• [Given records]
'''

lemma common_kernel_trivial:
  fixes B :: "'i \<Rightarrow> 'v::group_add set" and T :: "'i \<Rightarrow> 'v \<Rightarrow> 'v"
  assumes add_comm: "\<And>x y::'v. x + y = y + x"
    and "finite E"
    and "\<And>i. i \<in> E \<Longrightarrow> add_subgroup (B i)"
    and "\<And>i. i \<in> E \<Longrightarrow> additive (T i)"
    and "\<And>i k v. i \<in> E \<Longrightarrow> k \<in> E \<Longrightarrow> k \<noteq> i \<Longrightarrow> v \<in> B k \<Longrightarrow> T i v = 0"
    and "\<And>i v. i \<in> E \<Longrightarrow> v \<in> B i \<Longrightarrow> T i v = 0 \<Longrightarrow> v = 0"
    and "b \<in> gen_grp (\<Union>k\<in>E. B k)" and "\<forall>i\<in>E. T i b = 0"
  shows "b = 0"
  using assms(2-)
proof (induction E arbitrary: b rule: finite_induct)
  case empty
  then show ?case using gen_grp_least[OF _ add_subgroup_zero, of "{}"] by auto
next
  case (insert e E)
  have "(\<Union>k\<in>insert e E. B k) = B e \<union> (\<Union>k\<in>E. B k)" by simp
  then obtain c d where c: "c \<in> gen_grp (B e)" and d: "d \<in> gen_grp (\<Union>k\<in>E. B k)"
    and b: "b = c + d"
    using gen_grp_Un_decompose[OF add_comm] insert.prems(5) by metis
  have "c \<in> B e" using c gen_grp_eq_self insert.prems(1) by blast
  have "T e d = 0"
  proof (rule gen_grp_subset_kernel[OF _ _ d])
    show "additive (T e)" using insert.prems(2) by blast
    show "T e s = 0" if "s \<in> (\<Union>k\<in>E. B k)" for s
      using that insert.prems(3) insert.hyps(2) by blast
  qed
  then have "T e c = 0"
    using insert.prems(2,6) b additiveD[of "T e" c d] by simp
  then have "c = 0" using insert.prems(4) \<open>c \<in> B e\<close> by blast
  have "d = 0"
  proof (rule insert.IH)
    show "\<forall>i\<in>E. T i d = 0" using insert.prems(6) b \<open>c = 0\<close> by simp
  qed (use d in \<open>blast intro: insert.prems(1-4)\<close>)+
  then show ?case using b \<open>c = 0\<close> by simp
qed

lemma gen_grp_UN_eq_common_kernel:
  fixes B :: "'i \<Rightarrow> 'v::group_add set" and T :: "'i \<Rightarrow> 'v \<Rightarrow> 'v"
  assumes add_comm: "\<And>x y::'v. x + y = y + x"
    and "finite I" and "\<Delta> \<subseteq> I"
    and generates: "gen_grp (\<Union>i\<in>I. B i) = UNIV"
    and subgroup: "\<And>i. i \<in> I \<Longrightarrow> add_subgroup (B i)"
    and additive: "\<And>i. i \<in> I \<Longrightarrow> additive (T i)"
    and kills: "\<And>i k v. i \<in> I \<Longrightarrow> k \<in> I \<Longrightarrow> k \<noteq> i \<Longrightarrow> v \<in> B k \<Longrightarrow> T i v = 0"
    and injective: "\<And>i v. i \<in> I \<Longrightarrow> v \<in> B i \<Longrightarrow> T i v = 0 \<Longrightarrow> v = 0"
  shows "gen_grp (\<Union>i\<in>\<Delta>. B i) = {v. \<forall>i\<in>I - \<Delta>. T i v = 0}"
proof
  have kernel: "T i v = 0" if "i \<in> I - \<Delta>" "v \<in> gen_grp (\<Union>k\<in>\<Delta>. B k)" for i v
    using gen_grp_subset_kernel[OF additive _ that(2)] kills that(1) \<open>\<Delta> \<subseteq> I\<close> by blast
  then show "gen_grp (\<Union>i\<in>\<Delta>. B i) \<subseteq> {v. \<forall>i\<in>I - \<Delta>. T i v = 0}" by blast
  show "{v. \<forall>i\<in>I - \<Delta>. T i v = 0} \<subseteq> gen_grp (\<Union>i\<in>\<Delta>. B i)"
  proof
    fix v assume v: "v \<in> {v. \<forall>i\<in>I - \<Delta>. T i v = 0}"
    have "(\<Union>i\<in>I. B i) = (\<Union>i\<in>\<Delta>. B i) \<union> (\<Union>i\<in>I - \<Delta>. B i)"
      using \<open>\<Delta> \<subseteq> I\<close> by blast
    then have "v \<in> gen_grp ((\<Union>i\<in>\<Delta>. B i) \<union> (\<Union>i\<in>I - \<Delta>. B i))"
      using generates by simp
    then obtain a b where a: "a \<in> gen_grp (\<Union>i\<in>\<Delta>. B i)"
      and b: "b \<in> gen_grp (\<Union>i\<in>I - \<Delta>. B i)" and "v = a + b"
      by (rule gen_grp_Un_decompose[OF add_comm])
    have "T i b = 0" if "i \<in> I - \<Delta>" for i
      using kernel[OF that a] v that \<open>v = a + b\<close> additiveD[OF additive, of i a b] by auto
    then have "b = 0"
      by (intro common_kernel_trivial[OF add_comm, of "I - \<Delta>" B T b])
        (use \<open>finite I\<close> b in \<open>blast intro: subgroup additive kills injective\<close>)+
    then show "v \<in> gen_grp (\<Union>i\<in>\<Delta>. B i)" using a \<open>v = a + b\<close> by simp
  qed
qed

lemma nv_subspace_add_subgroup: "nv_subspace F W \<Longrightarrow> add_subgroup W"
  unfolding nv_subspace_def add_subgroup_def by blast

definition comp_tm :: "('v \<Rightarrow> 'v) list list \<Rightarrow> 'v tm" where
  "comp_tm ls = foldr Act ls X"

lemma tm_eval_comp_tm: "tm_eval (comp_tm ls) v = foldr fbar_act ls v"
  by (induction ls) (simp_all add: comp_tm_def)

lemma tm_wf_comp_tm: "tm_wf F (comp_tm ls) \<longleftrightarrow> (\<forall>l\<in>set ls. set l \<subseteq> F)"
  by (induction ls) (simp_all add: comp_tm_def)

lemma qf_definable_common_zeros:
  assumes "finite J" and "\<And>i. i \<in> J \<Longrightarrow> tm_wf F (t i)"
  shows "qf_definable F {v. \<forall>i\<in>J. tm_eval (t i) v = 0}"
proof -
  define \<phi> where "\<phi> ks = foldr (\<lambda>i \<psi>. Conj (Eq (t i) Zero) \<psi>) ks (Eq X X)" for ks
  have \<phi>: "set ks \<subseteq> J \<Longrightarrow> qf_wf F (\<phi> ks) \<and> (\<forall>v. qf_holds (\<phi> ks) v \<longleftrightarrow> (\<forall>i\<in>set ks. tm_eval (t i) v = 0))"
    for ks by (induction ks) (simp_all add: \<phi>_def assms(2))
  obtain ks where "set ks = J" using finite_list[OF assms(1)] by blast
  with \<phi>[of ks] show ?thesis unfolding qf_definable_def by auto
qed
(* Let $n \ge 3$ be an integer and let $I$ be a degree-based topological index with coefficients $c_{12},c_{13},c_{22},c_{23},c_{33}$. Define $c'_{12} = c_{12}-4c_{22}+3c_{23}$, $c'_{13} = c_{13}-3c_{22}+2c_{23}$, $c'_{33} = c_{22}-2c_{23}+c_{33}$. If $c'_{13}<c'_{12}<-c'_{33}<0$, then the path $P_n$ on $n$ vertices is, up to isomorphism, the only tree in $\mathcal{G}_3(n,n-1)$ that maximizes $I$.
   Context: For integers $n,m$, $\mathcal{G}_3(n,m)$ denotes the set of simple connected undirected graphs (chemical graphs) with $n$ vertices, $m$ edges and maximum degree at most $3$; in particular $\mathcal{G}_3(n,n-1)$ is the set of trees of order $n$ with maximum degree at most $3$. For a graph $G$ and $1\le i\le j$, an $ij$-edge is an edge whose endpoints have degrees $i$ and $j$, and $m_{ij}$ denotes the number of $ij$-edges of $G$. A degree-based topological index $I$ is a function on chemical graphs of order $n\ge 3$ of the form $I(G)=c_{12}m_{12}+c_{13}m_{13}+c_{22}m_{22}+c_{23}m_{23}+c_{33}m_{33}$, where the $c_{ij}$ are fixed real numbers. *)

theory Defs
  imports Complex_Main
begin

definition simple_graph :: "'a set \<Rightarrow> 'a set set \<Rightarrow> bool" where
  "simple_graph V E \<longleftrightarrow> finite V \<and> (\<forall>e\<in>E. \<exists>u v. u \<in> V \<and> v \<in> V \<and> u \<noteq> v \<and> e = {u, v})"

definition degree :: "'a set set \<Rightarrow> 'a \<Rightarrow> nat" where
  "degree E v = card {e \<in> E. v \<in> e}"

definition connected_graph :: "'a set \<Rightarrow> 'a set set \<Rightarrow> bool" where
  "connected_graph V E \<longleftrightarrow> (\<forall>u\<in>V. \<forall>v\<in>V. (u, v) \<in> {(x, y). {x, y} \<in> E}\<^sup>*)"

definition chem_graph :: "nat \<Rightarrow> nat \<Rightarrow> 'a set \<Rightarrow> 'a set set \<Rightarrow> bool" where
  "chem_graph n m V E \<longleftrightarrow> simple_graph V E \<and> connected_graph V E \<and> card V = n \<and> card E = m
     \<and> (\<forall>v\<in>V. degree E v \<le> 3)"

definition m_edges :: "nat \<Rightarrow> nat \<Rightarrow> 'a set set \<Rightarrow> nat" where
  "m_edges i j E = card {e \<in> E. \<exists>u v. u \<noteq> v \<and> e = {u, v} \<and> {degree E u, degree E v} = {i, j}}"

definition top_index :: "real \<Rightarrow> real \<Rightarrow> real \<Rightarrow> real \<Rightarrow> real \<Rightarrow> 'a set set \<Rightarrow> real" where
  "top_index c12 c13 c22 c23 c33 E =
     c12 * real (m_edges 1 2 E) + c13 * real (m_edges 1 3 E) + c22 * real (m_edges 2 2 E)
     + c23 * real (m_edges 2 3 E) + c33 * real (m_edges 3 3 E)"

definition graph_iso :: "'a set \<Rightarrow> 'a set set \<Rightarrow> 'b set \<Rightarrow> 'b set set \<Rightarrow> bool" where
  "graph_iso V1 E1 V2 E2 \<longleftrightarrow> (\<exists>f. bij_betw f V1 V2 \<and>
      (\<forall>u\<in>V1. \<forall>v\<in>V1. {u, v} \<in> E1 \<longleftrightarrow> {f u, f v} \<in> E2))"

definition path_V :: "nat \<Rightarrow> nat set" where
  "path_V n = {0..<n}"

definition path_E :: "nat \<Rightarrow> nat set set" where
  "path_E n = {{i, Suc i} | i. Suc i < n}"

end

theory Submission
  imports Defs
begin

text \<open>
  In a chemical tree of order n \<ge> 3 no edge joins two leaves, so counting edge ends by degree
  expresses n1, n2, n3 and the number n - 1 of edges linearly in the m_ij. Eliminating m22 and m23
  gives I = c22 (n + 5) - 6 c23 + c12' m12 + c13' m13 + c33' m33 with m12 + m13 = n3 + 2, and since
  the degree-3 vertices induce a forest, m33 \<le> n3 - 1 whenever n3 > 0. Hence, if n3 > 0, the index
  exceeds its value c22 (n + 5) - 6 c23 + 2 c12' at n3 = 0 by at most (c12' + c33') n3 - c33',
  which is at most c12' < 0 under the hypotheses. A tree with n3 = 0 has maximum degree 2, hence
  is a path: the distance from a leaf is an isomorphism onto P_n.
\<close>

lemma simple_graph_finite_edges:
  assumes "simple_graph V E"
  shows "finite E"
proof -
  have "E \<subseteq> Pow V" using assms by (auto simp: simple_graph_def)
  then show ?thesis using assms by (simp add: simple_graph_def finite_subset)
qed
(* Let $M$ be a pointed metric space such that the set $M'$ of cluster (accumulation) points of $M$ is infinite, and let $X$ be a non-zero Banach space. Then $\mathrm{Lip}_0(M,X)$ has the symmetric strong diameter two property.
   Context: All Banach spaces are real. $\mathrm{Lip}_0(M,X)$ is the Banach space of Lipschitz maps $M\to X$ vanishing at the base point, normed by the best Lipschitz constant. A slice of $B_Z$ is a set $\{z\in B_Z: f(z)>1-\alpha\}$ with $f\in Z^*$, $\alpha>0$. A Banach space $Z$ has the symmetric strong diameter two property (SSD2P) if for every $k\in\mathbb N$, every family of slices $S_1,\dots,S_k$ of $B_Z$ and every $\varepsilon>0$ there exist $x_i\in S_i$ ($1\le i\le k$) and $\varphi\in B_Z$ with $\|\varphi\|>1-\varepsilon$ such that $x_i\pm\varphi\in S_i$ for every $i\in\{1,\dots,k\}$. *)

theory Defs
  imports "HOL-Analysis.Analysis"
begin

definition Lip0 :: "'a::metric_space \<Rightarrow> ('a \<Rightarrow> 'b::real_normed_vector) set" where
  "Lip0 p = {f. (\<exists>C. C-lipschitz_on UNIV f) \<and> f p = 0}"

definition lipnorm :: "('a::metric_space \<Rightarrow> 'b::real_normed_vector) \<Rightarrow> real" where
  "lipnorm f = Inf {C. C-lipschitz_on UNIV f}"

definition Lip0_ball :: "'a::metric_space \<Rightarrow> ('a \<Rightarrow> 'b::real_normed_vector) set" where
  "Lip0_ball p = {f \<in> Lip0 p. lipnorm f \<le> 1}"

definition Lip0_dual_sphere :: "'a::metric_space \<Rightarrow> (('a \<Rightarrow> 'b::real_normed_vector) \<Rightarrow> real) set" where
  "Lip0_dual_sphere p = {\<phi>.
     (\<forall>f\<in>Lip0 p. \<forall>g\<in>Lip0 p. \<phi> (\<lambda>x. f x + g x) = \<phi> f + \<phi> g) \<and>
     (\<forall>c. \<forall>f\<in>Lip0 p. \<phi> (\<lambda>x. c *\<^sub>R f x) = c * \<phi> f) \<and>
     (\<exists>K. \<forall>f\<in>Lip0 p. \<bar>\<phi> f\<bar> \<le> K * lipnorm f) \<and>
     (SUP f\<in>Lip0_ball p. \<phi> f) = 1}"

definition Lip0_slice ::
  "'a::metric_space \<Rightarrow> (('a \<Rightarrow> 'b::real_normed_vector) \<Rightarrow> real) \<Rightarrow> real \<Rightarrow> ('a \<Rightarrow> 'b) set" where
  "Lip0_slice p \<phi> \<alpha> = {f \<in> Lip0_ball p. \<phi> f > 1 - \<alpha>}"
lemma det_one_minus_mult_commute:
  fixes U V :: "'a :: idom mat"
  assumes U: "U \<in> carrier_mat n r" and V: "V \<in> carrier_mat r n"
  shows "det (1\<^sub>m n - U * V) = det (1\<^sub>m r - V * U)"
proof -
  define M where "M = four_block_mat (1\<^sub>m n) U V (1\<^sub>m r)"
  define L1 where "L1 = four_block_mat (1\<^sub>m n) (0\<^sub>m n r) (- V) (1\<^sub>m r)"
  define L2 where "L2 = four_block_mat (1\<^sub>m n) (- U) (0\<^sub>m r n) (1\<^sub>m r)"
  have M: "M \<in> carrier_mat (n + r) (n + r)" and L1: "L1 \<in> carrier_mat (n + r) (n + r)"
    and L2: "L2 \<in> carrier_mat (n + r) (n + r)"
    unfolding M_def L1_def L2_def using U V by auto
  have minus: "- (V * U) + 1\<^sub>m r = 1\<^sub>m r - V * U" "1\<^sub>m n + - (U * V) = 1\<^sub>m n - U * V"
    "U + - U = 0\<^sub>m n r"
    using U V by (auto intro!: eq_matI)
  have L1M: "L1 * M = four_block_mat (1\<^sub>m n) U (0\<^sub>m r n) (1\<^sub>m r - V * U)"
    unfolding L1_def M_def using U V by (simp add: mult_four_block_mat[of _ n n _ r _ r _ _ n _ r] minus)
  have L2M: "L2 * M = four_block_mat (1\<^sub>m n - U * V) (0\<^sub>m n r) V (1\<^sub>m r)"
    unfolding L2_def M_def using U V by (simp add: mult_four_block_mat[of _ n n _ r _ r _ _ n _ r] minus)
  have "det L1 * det M = det (1\<^sub>m r - V * U)"
    unfolding det_mult[OF L1 M, symmetric] L1M
    by (subst det_four_block_mat_lower_left_zero[of _ n _ r]) (use U V in auto)
  moreover have "det L2 * det M = det (1\<^sub>m n - U * V)"
    unfolding det_mult[OF L2 M, symmetric] L2M
    by (subst det_four_block_mat_upper_right_zero[of _ n _ r]) (use U V in auto)
  moreover have "det L1 = 1" "det L2 = 1"
    unfolding L1_def L2_def using U V
    by (simp_all add: det_four_block_mat_lower_left_zero[of _ n _ r]
        det_four_block_mat_upper_right_zero[of _ n _ r])
  ultimately show ?thesis by simp
qed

'''

• [Your objective]
For this exercise, please output exactly the lines above starting at the line with "fix v assume" and ending at the line with "using \<open>\<Delta> \<subseteq>", ends included.

• [Worked solution]
    fix v assume v: "v \<in> {v. \<forall>i\<in>I - \<Delta>. T i v = 0}"
    have "(\<Union>i\<in>I. B i) = (\<Union>i\<in>\<Delta>. B i) \<union> (\<Union>i\<in>I - \<Delta>. B i)"
      using \<open>\<Delta> \<subseteq> I\<close> by blast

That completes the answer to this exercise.